There was little fault to be found with the place we found ourselves on this night - we, in this instance, referring to the audience as a collective, as by the end of the night there seemed a bond beholding us together. This bond is revealed to be the transcendent experience of ingesting L’Rain’s performance. As the show kept on, it took less the form of a performance and more that of an exhibition, the band seemingly only aware of the audience through their peripheral, their focus maintained on the task at hand. Tight-knit but not high-strung, the band never got out ahead of themselves. After establishing the ground rules, L’Rain played for over a half hour straight, with the band constantly keeping busy.
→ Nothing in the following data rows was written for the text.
(* For all integers $n,A\ge1$ and $D\ge0$, and every sufficiently large $K>1$, there exist $K_1\le K_2\le\dots\le K_{D+1}=K$ with $K_{j+1}\sim_{n,j}K_j^{A+1}$ (comparable up to multiplicative constants independent of $K$) such that, for every normalized polynomial $P$ of degree at most $D$ in $n$ real variables with real coefficients, there exist multiindices $\alpha_D<\alpha_{D-1}<\dots<\alpha_1$ with $|\alpha_j|=D-j$ such that $$\{x:|P(x)|<1/K_{D+1}\}\cap B(0,1)\subseteq\bigcup_{j=1}^D N_{1/K_j^A}\Big(Z_{\partial^{\alpha_j}P}\cap\{|\nabla\partial^{\alpha_j}P|\ge1/K_j\}\Big).$$
   Context: A polynomial is normalized if the $\ell^1$ sum of the absolute values of its coefficients equals $1$. $Z_Q=\{x\in\mathbb{R}^n:Q(x)=0\}$. $N_\sigma(E)$ is the $\sigma$-neighborhood of $E$. For multiindices, $\alpha<\beta$ means $\alpha\le\beta$ componentwise and $\alpha\ne\beta$; $\partial^\alpha$ is the corresponding partial derivative. *)

theory Defs
  imports "HOL-Analysis.Analysis"
begin

text \<open>Real polynomials in n variables (n = CARD('n)), represented by their
coefficient function on multiindices 'n \<Rightarrow> nat (finitely supported).
Multiindices are ordered by the pointwise (library) order on functions,
so alpha < beta means alpha \<le> beta componentwise and alpha \<noteq> beta.\<close>

type_synonym 'n mpoly_coeffs = "('n \<Rightarrow> nat) \<Rightarrow> real"

definition mindex_size :: "('n::finite \<Rightarrow> nat) \<Rightarrow> nat" where
  "mindex_size \<alpha> = (\<Sum>i\<in>UNIV. \<alpha> i)"

definition is_mpoly :: "'n mpoly_coeffs \<Rightarrow> bool" where
  "is_mpoly c \<longleftrightarrow> finite {\<alpha>. c \<alpha> \<noteq> 0}"

definition mpoly_deg_le :: "'n::finite mpoly_coeffs \<Rightarrow> nat \<Rightarrow> bool" where
  "mpoly_deg_le c D \<longleftrightarrow> (\<forall>\<alpha>. c \<alpha> \<noteq> 0 \<longrightarrow> mindex_size \<alpha> \<le> D)"

definition mpoly_eval :: "'n::finite mpoly_coeffs \<Rightarrow> real ^ 'n \<Rightarrow> real" where
  "mpoly_eval c x = (\<Sum>\<alpha> | c \<alpha> \<noteq> 0. c \<alpha> * (\<Prod>i\<in>UNIV. (x $ i) ^ (\<alpha> i)))"

definition mpoly_l1 :: "'n mpoly_coeffs \<Rightarrow> real" where
  "mpoly_l1 c = (\<Sum>\<alpha> | c \<alpha> \<noteq> 0. \<bar>c \<alpha>\<bar>)"

definition normalized :: "'n mpoly_coeffs \<Rightarrow> bool" where
  "normalized c \<longleftrightarrow> mpoly_l1 c = 1"

text \<open>Partial derivative \<partial>^beta: d^beta x^(gamma+beta) = (gamma+beta)!/gamma! x^gamma.\<close>
definition mpoly_pderiv :: "('n::finite \<Rightarrow> nat) \<Rightarrow> 'n mpoly_coeffs \<Rightarrow> 'n mpoly_coeffs" where
  "mpoly_pderiv \<beta> c = (\<lambda>\<gamma>. c (\<lambda>i. \<gamma> i + \<beta> i) *
       (\<Prod>i\<in>UNIV. pochhammer (real (\<gamma> i) + 1) (\<beta> i)))"

definition unit_mindex :: "'n \<Rightarrow> ('n \<Rightarrow> nat)" where
  "unit_mindex i = (\<lambda>k. if k = i then 1 else 0)"

definition mpoly_grad :: "'n::finite mpoly_coeffs \<Rightarrow> real ^ 'n \<Rightarrow> real ^ 'n" where
  "mpoly_grad c x = (\<chi> i. mpoly_eval (mpoly_pderiv (unit_mindex i) c) x)"

definition zero_set :: "'n::finite mpoly_coeffs \<Rightarrow> (real ^ 'n) set" where
  "zero_set c = {x. mpoly_eval c x = 0}"

definition nbhd :: "real \<Rightarrow> 'a::metric_space set \<Rightarrow> 'a set" where
  "nbhd \<sigma> E = {x. \<exists>y\<in>E. dist x y < \<sigma>}"

end

theory Submission
  imports Defs
begin

text \<open>Some derivative \<open>\<partial>\<^sup>\<beta>P\<close> with \<open>|\<beta>| \<le> D\<close> is bounded below on the unit ball by a
constant \<open>\<kappa>\<close> depending only on \<open>n\<close> and \<open>D\<close>: choose \<open>\<beta>\<close> of maximal size among the
multiindices whose coefficient exceeds \<open>R^-(|\<beta>|+1)\<close>; after differentiating, the constant
term of \<open>\<partial>\<^sup>\<beta>P\<close> dominates all other terms. Join \<open>0\<close> to \<open>\<beta>\<close> by a chain
\<open>\<delta>_0 < \<delta>_1 < \<dots>\<close> adding one unit multiindex at a time, and put \<open>\<alpha>_j = \<delta>_(D-j)\<close>.
If a point \<open>x\<close> of the sublevel set were not covered, induction along the chain would give
\<open>|\<partial>^(\<delta>_s)P(x)| < G / K_(D+1-s)\<close>: were the next derivative \<open>\<partial>_i \<partial>^(\<delta>_s)P\<close> large at
\<open>x\<close>, the mean value and intermediate value theorems on the \<open>i\<close>-th coordinate line through
\<open>x\<close> would yield a zero of \<open>\<partial>^(\<delta>_s)P\<close> within \<open>1/(2K^A)\<close> of \<open>x\<close> at which the gradient is
still at least \<open>1/K\<close>, covering \<open>x\<close>. At \<open>s = |\<beta>|\<close> this contradicts the lower bound,
because \<open>K_1 \<ge> G/\<kappa>\<close>.\<close>

section \<open>Zeros of a real function with large derivative\<close>

lemma increment_ge_of_derivative_ge:
  fixes f f' :: "real \<Rightarrow> real"
  assumes "a \<le> b"
    and der: "\<And>s. (f has_real_derivative f' s) (at s)"
    and bound: "\<And>s. a \<le> s \<Longrightarrow> s \<le> b \<Longrightarrow> h \<le> f' s"
  shows "(b - a) * h \<le> f b - f a"
proof (cases "a = b")
  case False
  then obtain z where "a < z" "z < b" "f b - f a = (b - a) * f' z"
    using MVT2[of a b f f'] der assms(1) by auto
  then show ?thesis
    using bound[of z] by (simp add: mult_left_mono)
qed simp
Even when L’Rain took time to address the crowd, it was with obscure recordings playing behind her, the momentum of the show oscillating but never reaching a lull. At the halfway point came a disclaimer: “I actually love dogs,” L’Rain asserted in an effort to relieve those concerned with the title of her 2023 album, I Killed Your Dog. “It’s a metaphor…I’m actually missing mine right now.”

From here, she calmly descends back into her performance, her hands moving freely and in reflection of the music, as if trying to conjure herself back into the music echoing behind her. At times, it was hard to imagine the room being able to hold all the music being offered - it was continuous, layered, generous, and possessive, and in certain moments I felt as if a spell had been cast on myself and all those around me. L’Rain’s set encapsulated all the genres thrust onto her recordings: experimental pop, free jazz, post-punk, R&B, neo-soul, avante-garde rock, funk, and hip-hop. The lasting effect was a psychedelic trance, bewildered yet comforted by the sounds and concepts L’Rain is able to tackle in her songs. If it wasn’t established through her proper releases, her live performance cemented L’Rain as an artist of the highest standard.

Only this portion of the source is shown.